lemma distr_gauss_plus:
  assumes "\<sigma> > 0"
  shows "distr (gauss \<sigma>) borel ((+) h) = density (gauss \<sigma>) (\<lambda>z. ennreal (gauss_shift_density \<sigma> h z))"
proof -
  have "distr (gauss \<sigma>) borel ((+) h) =
      distr (density (distr lborel borel ((+) (- h))) (\<lambda>z. ennreal (gauss_density \<sigma> z))) lborel ((+) h)"
    by (intro distr_cong) (simp_all add: gauss_eq_density lborel_distr_plus)
  also have "\<dots> = density lborel (\<lambda>w. ennreal (gauss_density \<sigma> (w - h)))"
    by (subst distr_density_distr) (auto simp: comp_def)
  also have "\<dots> = density lborel (\<lambda>w. ennreal (gauss_density \<sigma> w) * ennreal (gauss_shift_density \<sigma> h w))"
    using assms by (simp add: gauss_density_diff ennreal_mult' gauss_density_pos less_imp_le)
  also have "\<dots> = density (gauss \<sigma>) (\<lambda>z. ennreal (gauss_shift_density \<sigma> h z))"
    by (simp add: gauss_eq_density density_density_eq)
  finally show ?thesis .
qed

lemma distr_gauss_uminus: "distr (gauss \<sigma>) borel uminus = gauss \<sigma>"
proof -
  have "distr lborel borel uminus = (lborel :: 'a::euclidean_space measure)"
    by (subst lborel_affine[of "-1" 0]) (auto simp: density_1 one_ennreal_def[symmetric])
  then have "distr (gauss \<sigma>) borel uminus =
      distr (density (distr lborel borel uminus) (\<lambda>z. ennreal (gauss_density \<sigma> z))) lborel (uminus :: 'a \<Rightarrow> 'a)"
    by (intro distr_cong) (simp_all add: gauss_eq_density)
  also have "\<dots> = gauss \<sigma>"
    by (subst distr_density_distr) (auto simp: comp_def gauss_eq_density gauss_density_def)
  finally show ?thesis .
qed

lemma integral_gauss_plus:
  fixes F :: "'a::euclidean_space \<Rightarrow> 'b::{banach, second_countable_topology}"
  assumes "\<sigma> > 0" and [measurable]: "F \<in> borel_measurable borel"
  shows "(\<integral>z. F (h + z) \<partial>gauss \<sigma>) = (\<integral>z. gauss_shift_density \<sigma> h z *\<^sub>R F z \<partial>gauss \<sigma>)"
proof -
  have "(\<integral>z. F (h + z) \<partial>gauss \<sigma>) = (\<integral>z. F z \<partial>distr (gauss \<sigma>) borel ((+) h))"
    by (simp add: integral_distr)
  then show ?thesis
    using assms by (simp add: distr_gauss_plus integral_density less_imp_le gauss_shift_density_pos)
qed

lemma integral_gauss_uminus:
  fixes F :: "'a::euclidean_space \<Rightarrow> 'b::{banach, second_countable_topology}"
  assumes [measurable]: "F \<in> borel_measurable borel"
  shows "(\<integral>z. F (- z) \<partial>gauss \<sigma>) = (\<integral>z. F z \<partial>gauss \<sigma>)"
  by (subst (2) distr_gauss_uminus[symmetric]) (simp add: integral_distr)

lemma nn_integral_gauss_shift_density:
  assumes "\<sigma> > 0"
  shows "(\<integral>\<^sup>+z. ennreal (gauss_shift_density \<sigma> h z) \<partial>gauss \<sigma>) = 1"
proof -
  interpret prob_space "gauss \<sigma> :: 'a measure"
    using assms by (rule prob_space_gauss)
  have "(\<integral>\<^sup>+z. ennreal (gauss_shift_density \<sigma> h z) \<partial>gauss \<sigma>) =
      emeasure (distr (gauss \<sigma>) borel ((+) h)) UNIV"
    using assms by (simp add: distr_gauss_plus emeasure_density)
  also have "\<dots> = 1"
    by (simp add: emeasure_distr emeasure_space_1[simplified])
  finally show ?thesis .
qed

lemma integrable_gauss_shift_density:
  assumes "\<sigma> > 0"
  shows "integrable (gauss \<sigma>) (gauss_shift_density \<sigma> h)"
  using nn_integral_gauss_shift_density[OF assms, of h]
  by (intro integrableI_nonneg) (auto simp: less_imp_le gauss_shift_density_pos)

lemma integral_gauss_shift_density:
  assumes "\<sigma> > 0"
  shows "(\<integral>z. gauss_shift_density \<sigma> h z \<partial>gauss \<sigma>) = 1"
  using nn_integral_gauss_shift_density[OF assms, of h] integrable_gauss_shift_density[OF assms, of h]
  by (subst (asm) nn_integral_eq_integral) (auto simp: less_imp_le gauss_shift_density_pos)

lemma integrable_bounded_scaleR:
  fixes F :: "'a \<Rightarrow> real" and g :: "'a \<Rightarrow> 'b::{banach, second_countable_topology}"
  assumes "integrable M g" "F \<in> borel_measurable M" "\<And>x. x \<in> space M \<Longrightarrow> \<bar>F x\<bar> \<le> B"
  shows "integrable M (\<lambda>x. F x *\<^sub>R g x)"
proof (rule Bochner_Integration.integrable_bound)
  show "integrable M (\<lambda>x. B * norm (g x))"
    using assms(1) by auto
  show "AE x in M. norm (F x *\<^sub>R g x) \<le> norm (B * norm (g x))"
  proof (intro AE_I2)
    fix x assume "x \<in> space M"
    then have "\<bar>F x\<bar> * norm (g x) \<le> B * norm (g x)"
      using assms(3) by (intro mult_right_mono) auto
    then show "norm (F x *\<^sub>R g x) \<le> norm (B * norm (g x))"
      by (simp add: order_trans[OF _ abs_ge_self])
  qed
qed (use assms in measurable)

lemma (in prob_space) abs_integral_mult_le_of_mean_zero:
  fixes F \<rho> :: "'a \<Rightarrow> real"
  assumes \<rho>: "integrable M \<rho>" "expectation \<rho> = 0" "\<And>x. x \<in> space M \<Longrightarrow> - c \<le> \<rho> x"
    and F: "F \<in> borel_measurable M" "\<And>x. x \<in> space M \<Longrightarrow> 0 \<le> F x \<and> F x \<le> B"
  shows "\<bar>\<integral>x. F x * \<rho> x \<partial>M\<bar> \<le> B * c"
proof -
  have "- c \<le> expectation \<rho>"
    using \<rho> by (intro integral_ge_const) auto
  then have c: "0 \<le> c"
    using \<rho>(2) by simp
  have int_F\<rho>: "integrable M (\<lambda>x. F x * \<rho> x)"
    using integrable_bounded_scaleR[OF \<rho>(1) F(1), of B] F(2) by force
  have lower: "- (B * c) \<le> F x * \<rho> x" and upper: "(F x - B) * \<rho> x \<le> B * c"
    if "x \<in> space M" for x
  proof -
    have "F x * - c \<le> F x * \<rho> x" "(F x - B) * \<rho> x \<le> (F x - B) * - c" "F x * c \<le> B * c"
      using F(2)[OF that] \<rho>(3)[OF that] c
      by (intro mult_left_mono mult_left_mono_neg mult_right_mono; simp)+
    moreover have "0 \<le> F x * c"
      using F(2)[OF that] c by simp
    ultimately show "- (B * c) \<le> F x * \<rho> x" "(F x - B) * \<rho> x \<le> B * c"
      by (auto simp: algebra_simps)
  qed
  have "(\<integral>x. F x * \<rho> x \<partial>M) = (\<integral>x. (F x - B) * \<rho> x \<partial>M)"
    using int_F\<rho> \<rho>(1,2) by (simp add: left_diff_distrib)
  also have "\<dots> \<le> B * c"
    using int_F\<rho> \<rho>(1) upper by (intro integral_le_const) (auto simp: left_diff_distrib)
  finally show ?thesis
    using lower int_F\<rho> integral_ge_const[of "\<lambda>x. F x * \<rho> x" "- (B * c)"] by auto
qed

○ ○ ○

§ Your objective
Exactly one number is the answer: how many lines of the entries contain the string "expectation".

§ Task output
2